EmbeddedRelated.com
Forums
The 2024 Embedded Online Conference

atomic test_and_set on ADSP21020

Started by alb July 12, 2012
Hi everyone,

I'm trying to implement a locking mechanism without the need to disable
the interrupts (and yes, I know I can do this disabling interrupts) and
I thought about a 'test-and-set' function which will atomically set the
lock which will then be released at the end of the critical section.

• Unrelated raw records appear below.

lemma norm_funpow_mult_le:
  fixes a y :: "'a::real_normed_algebra"
  shows "norm (((*) a ^^ n) y) \<le> norm a ^ n * norm y"
proof (induction n)
  case (Suc n)
  have "norm (((*) a ^^ Suc n) y) \<le> norm a * norm (((*) a ^^ n) y)"
    by (simp add: norm_mult_ineq)
  also have "\<dots> \<le> norm a * (norm a ^ n * norm y)"
    using Suc by (simp add: mult_left_mono)
  finally show ?case by (simp add: mult.assoc)
qed simp

lemma quasi_invertible_if_norm_less_one:
  fixes e :: "'a::{banach, real_normed_algebra, comm_ring}"
  assumes "norm e < 1"
  shows "quasi_invertible e"
proof -
  have "summable (\<lambda>j. norm e ^ j * norm e)"
    using assms by (simp add: summable_mult2 summable_geometric)
  then have sum: "summable (\<lambda>j. ((*) e ^^ j) e)"
    by (rule summable_comparison_test'[of _ 0]) (simp add: norm_funpow_mult_le)
  define s where "s = (\<Sum>j. ((*) e ^^ j) e)"
  have "e * s = (\<Sum>j. ((*) e ^^ Suc j) e)"
    unfolding s_def using suminf_mult[OF sum] by simp
  also have "\<dots> = s - e"
    unfolding s_def using suminf_split_head[OF sum] by simp
  finally have "quasi_inverse e (- s)"
    unfolding quasi_inverse_def by simp
  then show ?thesis
    unfolding quasi_invertible_def by blast
qed

text \<open>The power a^(2^k), available without a unit.\<close>

fun iterated_square :: "'a::times \<Rightarrow> nat \<Rightarrow> 'a" where
  "iterated_square a 0 = a"
| "iterated_square a (Suc k) = iterated_square a k * iterated_square a k"

lemma funpow_mult_iterated_square:
  fixes a y :: "'a::semigroup_mult"
  shows "((*) a ^^ 2 ^ k) y = iterated_square a k * y"
proof (induction k arbitrary: y)
  case (Suc k)
  have "((*) a ^^ 2 ^ Suc k) y = ((*) a ^^ 2 ^ k) (((*) a ^^ 2 ^ k) y)"
    by (simp add: mult_2 funpow_add)
  then show ?case using Suc by (simp add: mult.assoc)
qed simp

lemma bounded_orbit_if_norm_iterated_square_le_one:
  fixes a x :: "'a::real_normed_algebra"
  assumes "norm (iterated_square a k) \<le> 1"
  shows "bounded {((*) a ^^ n) x | n. True}"
proof -
  define N :: nat where "N = 2 ^ k"
  have "norm (((*) a ^^ n) x) \<le> max 1 (norm a) ^ N * norm x" for n
  proof -
    define q where "q = n div N"
    have "(*) a ^^ N = (*) (iterated_square a k)"
      by (rule ext) (simp add: N_def funpow_mult_iterated_square)
    then have "(*) a ^^ (N * q) = (*) (iterated_square a k) ^^ q"
      by (simp flip: funpow_mult)
    moreover have "(*) a ^^ n = (*) a ^^ (n mod N) \<circ> (*) a ^^ (N * q)"
      unfolding q_def by (simp flip: funpow_add)
    ultimately have "((*) a ^^ n) x = ((*) a ^^ (n mod N)) (((*) (iterated_square a k) ^^ q) x)"
      by simp
    then have "norm (((*) a ^^ n) x) \<le> norm a ^ (n mod N) * norm (((*) (iterated_square a k) ^^ q) x)"
      by (simp only: norm_funpow_mult_le)
    also have "\<dots> \<le> norm a ^ (n mod N) * (norm (iterated_square a k) ^ q * norm x)"
      by (intro mult_left_mono norm_funpow_mult_le) simp
    also have "\<dots> \<le> norm a ^ (n mod N) * norm x"
      using assms by (intro mult_left_mono mult_left_le_one_le) (auto simp: power_le_one)
    also have "\<dots> \<le> max 1 (norm a) ^ N * norm x"
    proof (intro mult_right_mono)
      have "norm a ^ (n mod N) \<le> max 1 (norm a) ^ (n mod N)"
        by (intro power_mono) auto
      also have "\<dots> \<le> max 1 (norm a) ^ N"
        using mod_less_divisor[of N n] by (intro power_increasing) (auto simp: N_def)
      finally show "norm a ^ (n mod N) \<le> max 1 (norm a) ^ N" .
    qed simp
    finally show ?thesis .
  qed
  then show ?thesis
    unfolding bounded_iff by blast
qed

lemma ex_le_one_power_mult_eq_one:
  fixes x :: real
  assumes "1 < x" "0 < n"
  shows "\<exists>r. 0 < r \<and> r \<le> 1 \<and> r ^ n * x = 1"
proof (intro exI conjI)
  have inv: "0 < inverse x" "inverse x \<le> 1"
    using assms(1) by (auto simp: inverse_le_1_iff)
  show "0 < root n (inverse x)"
    using inv assms(2) by (intro real_root_gt_zero)
  show "root n (inverse x) \<le> 1"
    using inv assms(2) real_root_le_iff[of n "inverse x" 1] by simp
  show "root n (inverse x) ^ n * x = 1"
    using inv assms by (simp add: real_root_pow_pos)
qed
(* Let $\mathcal C$ be a finite set (a codebook) and let $P(\cdot\mid\cdot)$ be the transition kernel of an ergodic (irreducible and aperiodic) Markov chain on $\mathcal C$ with stationary distribution $\pi$. For each $m\in\mathbb N$ let $\boldsymbol X=\{X_{ij}\}_{1\le i,j\le m}$ be a random $m\times m$ array with entries in $\mathcal C$ generated according to either of the following two scenarios: (Scenario 1) the $m$ columns $(X_{1j},X_{2j},\dots,X_{mj})$, $j=1,\dots,m$, are mutually independent, and each is a Markov chain read from top to bottom with initial distribution $\pi$ and transition kernel $P$; (Scenario 2) the $m$ rows $(X_{i1},X_{i2},\dots,X_{im})$, $i=1,\dots,m$, are mutually independent, and each is a Markov chain read from left to right with initial distribution $\pi$ and transition kernel $P$. Let $\operatorname{flat}(\boldsymbol X)=(X_{11},\dots,X_{1m},X_{21},\dots,X_{2m},\dots,X_{m1},\dots,X_{mm})$ be the row-major flattening, and for a probability model $Q$ on finite sequences over $\mathcal C$ set $\mathcal L_m(Q)=-\frac{1}{m^2}\mathbb E[\log Q(\operatorname{flat}(\boldsymbol X))]$. Then $$\liminf_{m\to\infty}\ \min_{Q\in\mathcal Q_{\text{1-gram}}}\mathcal L_m(Q)\ \ge\ H(\pi)=-\sum_{a\in\mathcal C}\pi(a)\log\pi(a),$$ while, with the minimum taken over all probability distributions $Q$ on finite sequences over $\mathcal C$, $$\lim_{m\to\infty}\ \min_{Q}\mathcal L_m(Q)\ =\ H_\infty:=-\sum_{a\in\mathcal C}\sum_{a'\in\mathcal C}\pi(a)P(a'\mid a)\log P(a'\mid a).$$
   Context: A unigram model $Q\in\mathcal Q_{\text{1-gram}}$ over a token set $\mathcal T$ is specified by a probability distribution $Q_\#$ on $\mathbb N$ and a probability distribution $Q_{\text{tok}}$ on $\mathcal T$, and assigns to a finite token sequence $\mathbf t=(t_1,\dots,t_{|\mathbf t|})$ the probability $Q(\mathbf t)=Q_\#(|\mathbf t|)\prod_{r=1}^{|\mathbf t|}Q_{\text{tok}}(t_r)$. Here the tokens are the elements of $\mathcal C$. Logarithms are natural; $H(p)=-\sum_{y\in\operatorname{supp}(p)}p(y)\log p(y)$ is the Shannon entropy. *)

theory Defs
  imports "HOL-Probability.Probability"
begin
lemma indep_set_induced_path_iff:
  assumes "induced_path E e lo hi"
  shows "{I. indep_set (e ` {lo..<hi}) E I} = image e ` path_indep lo hi"
proof (intro set_eqI iffI)
  fix I assume "I \<in> {I. indep_set (e ` {lo..<hi}) E I}"
  then have sub: "I \<subseteq> e ` {lo..<hi}" and indep: "\<forall>x\<in>I. \<forall>y\<in>I. \<not> E x y"
    by (auto simp: indep_set_def)
  define J where "J = {k \<in> {lo..<hi}. e k \<in> I}"
  have "no_consec J"
    unfolding no_consec_def
  proof
    fix k assume k: "k \<in> J"
    show "Suc k \<notin> J"
    proof
      assume "Suc k \<in> J"
      with k assms have "E (e k) (e (Suc k))"
        by (simp add: J_def induced_path_def)
      with k \<open>Suc k \<in> J\<close> indep show False
        by (simp add: J_def)
    qed
  qed
  then have "J \<in> path_indep lo hi"
    by (auto simp: J_def path_indep_def)
  moreover have "I = e ` J"
    using sub by (auto simp: J_def)
  ultimately show "I \<in> image e ` path_indep lo hi"
    by blast
next
  fix I assume "I \<in> image e ` path_indep lo hi"
  then obtain J where J: "J \<subseteq> {lo..<hi}" "no_consec J" "I = e ` J"
    by (auto simp: path_indep_def)
  have "\<not> E (e a) (e b)" if "a \<in> J" "b \<in> J" for a b
  proof -
    have "b \<noteq> Suc a" "a \<noteq> Suc b"
      using J(2) that unfolding no_consec_def by auto
    with J(1) that assms show ?thesis
      by (auto simp: induced_path_def)
  qed
  with J show "I \<in> {I. indep_set (e ` {lo..<hi}) E I}"
    by (auto simp: indep_set_def)
qed

lemma size_poly_indep_induced_path:
  assumes "induced_path E e lo hi" "A \<subseteq> {lo..<hi}"
  shows "size_poly {I. indep_set (e ` {lo..<hi}) E I \<and> e ` A \<subseteq> I} =
    size_poly {J \<in> path_indep lo hi. A \<subseteq> J}"
proof -
  have inj: "inj_on e {lo..<hi}"
    using assms(1) by (simp add: induced_path_def)
  have image_subset: "e ` A \<subseteq> e ` J \<longleftrightarrow> A \<subseteq> J" if "J \<subseteq> {lo..<hi}" for J
    using that assms(2) inj_on_image_mem_iff[OF inj] by (metis image_subset_iff subset_iff image_mono)
  have "{I. indep_set (e ` {lo..<hi}) E I \<and> e ` A \<subseteq> I} = {I \<in> {I. indep_set (e ` {lo..<hi}) E I}. e ` A \<subseteq> I}"
    by simp
  also have "\<dots> = {I \<in> image e ` path_indep lo hi. e ` A \<subseteq> I}"
    unfolding indep_set_induced_path_iff[OF assms(1)] ..
  also have "\<dots> = image e ` {J \<in> path_indep lo hi. A \<subseteq> J}"
    using image_subset by (auto simp: path_indep_def)
  finally have "{I. indep_set (e ` {lo..<hi}) E I \<and> e ` A \<subseteq> I} = image e ` {J \<in> path_indep lo hi. A \<subseteq> J}" .
  then show ?thesis
    using inj by (simp add: size_poly_image[where X = "{lo..<hi}"] path_indep_def subset_iff)
qed

lemma nonneg_poly_star_diff_path_through_cut:
  assumes "finite V" and path: "induced_path E e 1 (n + 1)" and PV: "e ` {1..<n + 1} \<subseteq> V"
    and sep: "\<forall>a\<in>e ` {1..<n + 1} - {e (p + 1)}. \<forall>w\<in>V - e ` {1..<n + 1}. \<not> E a w \<and> \<not> E w a"
    and n: "n = p + q + 1" and p: "1 \<le> p" and q: "1 \<le> q" and pq: "(odd p \<and> p \<le> q) \<or> (even q \<and> q \<le> p)"
  shows "nonneg_poly (size_poly {I. indep_set V E I \<and> e 1 \<in> I} - size_poly {I. indep_set V E I \<and> e n \<in> I})"
proof -
  define P where "P = e ` {1..<n + 1}"
  define K where "K = size_poly {R. indep_set (V - P) E R}"
  define Kv where "Kv = size_poly {R. indep_set (V - P) E R \<and> (\<exists>w\<in>R. E (e (p + 1)) w \<or> E w (e (p + 1)))}"
  have in_path: "{1, p + 1, n} \<subseteq> {1..<n + 1}"
    using n by auto
  have path_count: "size_poly {J. indep_set P E J \<and> e ` A \<subseteq> J} = size_poly {J \<in> path_indep 1 (n + 1). A \<subseteq> J}"
    if "A \<subseteq> {1, p + 1, n}" for A
    unfolding P_def using size_poly_indep_induced_path[OF path] that in_path by blast
  have "size_poly {J. indep_set P E J \<and> e 1 \<in> J} = monom 1 1 * fib_poly n"
    using path_count[of "{1}"] size_poly_path_indep_mem[of 1 1 "n + 1"] n by simp
  moreover have "size_poly {J. indep_set P E J \<and> e n \<in> J} = monom 1 1 * fib_poly n"
    using path_count[of "{n}"] size_poly_path_indep_mem[of 1 n "n + 1"] n by simp
  moreover have "size_poly {J. indep_set P E J \<and> e 1 \<in> J \<and> e (p + 1) \<in> J} =
      monom 1 1 * monom 1 1 * fib_poly (p - 1) * fib_poly (q + 1)"
    using path_count[of "{1, p + 1}"] size_poly_path_indep_mem2[of 1 1 "p + 1" "n + 1"] n p
    by (simp add: algebra_simps)
  moreover have "size_poly {J. indep_set P E J \<and> e n \<in> J \<and> e (p + 1) \<in> J} =
      monom 1 1 * monom 1 1 * fib_poly (p + 1) * fib_poly (q - 1)"
    using path_count[of "{p + 1, n}"] size_poly_path_indep_mem2[of 1 "p + 1" n "n + 1"] n q
    by (simp add: algebra_simps conj_commute)
  moreover have "e 1 \<in> P" "e n \<in> P"
    using in_path unfolding P_def by auto
  ultimately have diff: "size_poly {I. indep_set V E I \<and> e 1 \<in> I} - size_poly {I. indep_set V E I \<and> e n \<in> I} =
      monom 1 1 * monom 1 1 * (fib_poly (p + 1) * fib_poly (q - 1) - fib_poly (p - 1) * fib_poly (q + 1)) * Kv"
    using size_poly_star_cut_vertex[OF assms(1) PV _ sep, of "e 1"]
      size_poly_star_cut_vertex[OF assms(1) PV _ sep, of "e n"]
    unfolding P_def[symmetric] K_def[symmetric] Kv_def[symmetric] by (simp add: algebra_simps)
  show ?thesis
    unfolding diff Kv_def
    by (intro nonneg_poly_mult nonneg_poly_monom nonneg_poly_size_poly
        nonneg_poly_fib_poly_cross_diff p q pq zero_le_one)
qed

section \<open>Spiders\<close>

text \<open>The path v_{i,p}, ..., v_{i,1}, v_0, v_{j,1}, v_{j,2}, ..., indexed from 1.\<close>

definition spider_path :: "nat \<Rightarrow> nat \<Rightarrow> nat \<Rightarrow> nat \<Rightarrow> nat \<times> nat" where
  "spider_path i j p k = (if k \<le> p then (i, p + 1 - k) else if k = p + 1 then (0, 0) else (j, k - (p + 1)))"

context
  fixes L :: "nat list" and i j p q n :: nat
  assumes ij: "1 \<le> i" "i < j" "j \<le> length L"
    and pq: "L ! (i - 1) = p" "L ! (j - 1) = q" "1 \<le> p" "1 \<le> q"
    and n: "n = p + q + 1"
begin

lemma spider_path_in_verts: "spider_path i j p ` {1..<n + 1} \<subseteq> spider_verts L"
proof
  fix v assume "v \<in> spider_path i j p ` {1..<n + 1}"
  then obtain k where k: "1 \<le> k" "k \<le> p + q + 1" "v = spider_path i j p k"
    using n by auto
  then consider "k \<le> p" | "k = p + 1" | "p + 1 < k" "k - (p + 1) \<le> q"
    by linarith
  then show "v \<in> spider_verts L"
    by cases (use k ij pq in \<open>auto simp: spider_path_def spider_verts_def\<close>)
qed

lemma induced_path_spider_path: "induced_path (spider_adj L) (spider_path i j p) 1 (n + 1)"
  unfolding induced_path_def
proof
  show "inj_on (spider_path i j p) {1..<n + 1}"
    using ij by (auto simp: inj_on_def spider_path_def split: if_splits)
  show "\<forall>a\<in>{1..<n + 1}. \<forall>b\<in>{1..<n + 1}.
      spider_adj L (spider_path i j p a) (spider_path i j p b) \<longleftrightarrow> b = Suc a \<or> a = Suc b"
  proof (intro ballI)
    fix a b assume ab: "a \<in> {1..<n + 1}" "b \<in> {1..<n + 1}"
    then have "spider_path i j p a \<in> spider_verts L" "spider_path i j p b \<in> spider_verts L"
      using spider_path_in_verts by auto
    then have "spider_adj L (spider_path i j p a) (spider_path i j p b) \<longleftrightarrow>
        (spider_path i j p a = (0, 0) \<and> 1 \<le> fst (spider_path i j p b) \<and> snd (spider_path i j p b) = 1) \<or>
        (spider_path i j p b = (0, 0) \<and> 1 \<le> fst (spider_path i j p a) \<and> snd (spider_path i j p a) = 1) \<or>
        (1 \<le> fst (spider_path i j p a) \<and> fst (spider_path i j p a) = fst (spider_path i j p b) \<and>
          (snd (spider_path i j p b) = snd (spider_path i j p a) + 1 \<or>
           snd (spider_path i j p a) = snd (spider_path i j p b) + 1))"
      by (simp add: spider_adj_def)
    also have "\<dots> \<longleftrightarrow> b = Suc a \<or> a = Suc b"
      using ab ij pq(3,4) n by (auto simp: spider_path_def split: if_splits)
    finally show "spider_adj L (spider_path i j p a) (spider_path i j p b) \<longleftrightarrow> b = Suc a \<or> a = Suc b" .
  qed
qed

lemma spider_path_separates:
  "\<forall>a\<in>spider_path i j p ` {1..<n + 1} - {spider_path i j p (p + 1)}.
     \<forall>w\<in>spider_verts L - spider_path i j p ` {1..<n + 1}.
       \<not> spider_adj L a w \<and> \<not> spider_adj L w a"
proof (intro ballI)
  fix a w
  assume a: "a \<in> spider_path i j p ` {1..<n + 1} - {spider_path i j p (p + 1)}"
    and w: "w \<in> spider_verts L - spider_path i j p ` {1..<n + 1}"
  have "fst a = i \<or> fst a = j"
    using a by (auto simp: spider_path_def split: if_splits)
  moreover obtain l s where ls: "w = (l, s)"
    by fastforce
  moreover have "w \<noteq> (0, 0)"
    using w n by (auto simp: image_iff spider_path_def intro!: bexI[of _ "p + 1"])
  moreover have "l \<noteq> i"
  proof
    assume "l = i"
    with w ls pq n have "w = spider_path i j p (p + 1 - s)"
      by (auto simp: spider_verts_def spider_path_def)
    moreover have "p + 1 - s \<in> {1..<n + 1}"
      using w ls \<open>l = i\<close> pq n by (auto simp: spider_verts_def)
    ultimately show False
      using w by auto
  qed
  moreover have "l \<noteq> j"
  proof
    assume "l = j"
    with w ls ij pq n have "w = spider_path i j p (p + 1 + s)"
      by (auto simp: spider_verts_def spider_path_def)
    moreover have "p + 1 + s \<in> {1..<n + 1}"
      using w ls \<open>l = j\<close> ij pq n by (auto simp: spider_verts_def)
    ultimately show False
      using w by auto
  qed
  moreover have "a \<noteq> (0, 0)"
    using a by (auto simp: spider_path_def split: if_splits)
  ultimately show "\<not> spider_adj L a w \<and> \<not> spider_adj L w a"
    by (auto simp: spider_adj_def)
qed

Does anybody know about an implementation with the target's Instruction
Set?
I found in the C runtime library for the ADSP21060 (not ADSP21020) a
function called test_and_set_semaphore which is intended for the bus
lock in a multiprocessor system where there's the need to lock access to
the address bus.
The function looks overly complicated though, including a timeout I do
not need. Maybe I can strip off the timeout part and use the rest.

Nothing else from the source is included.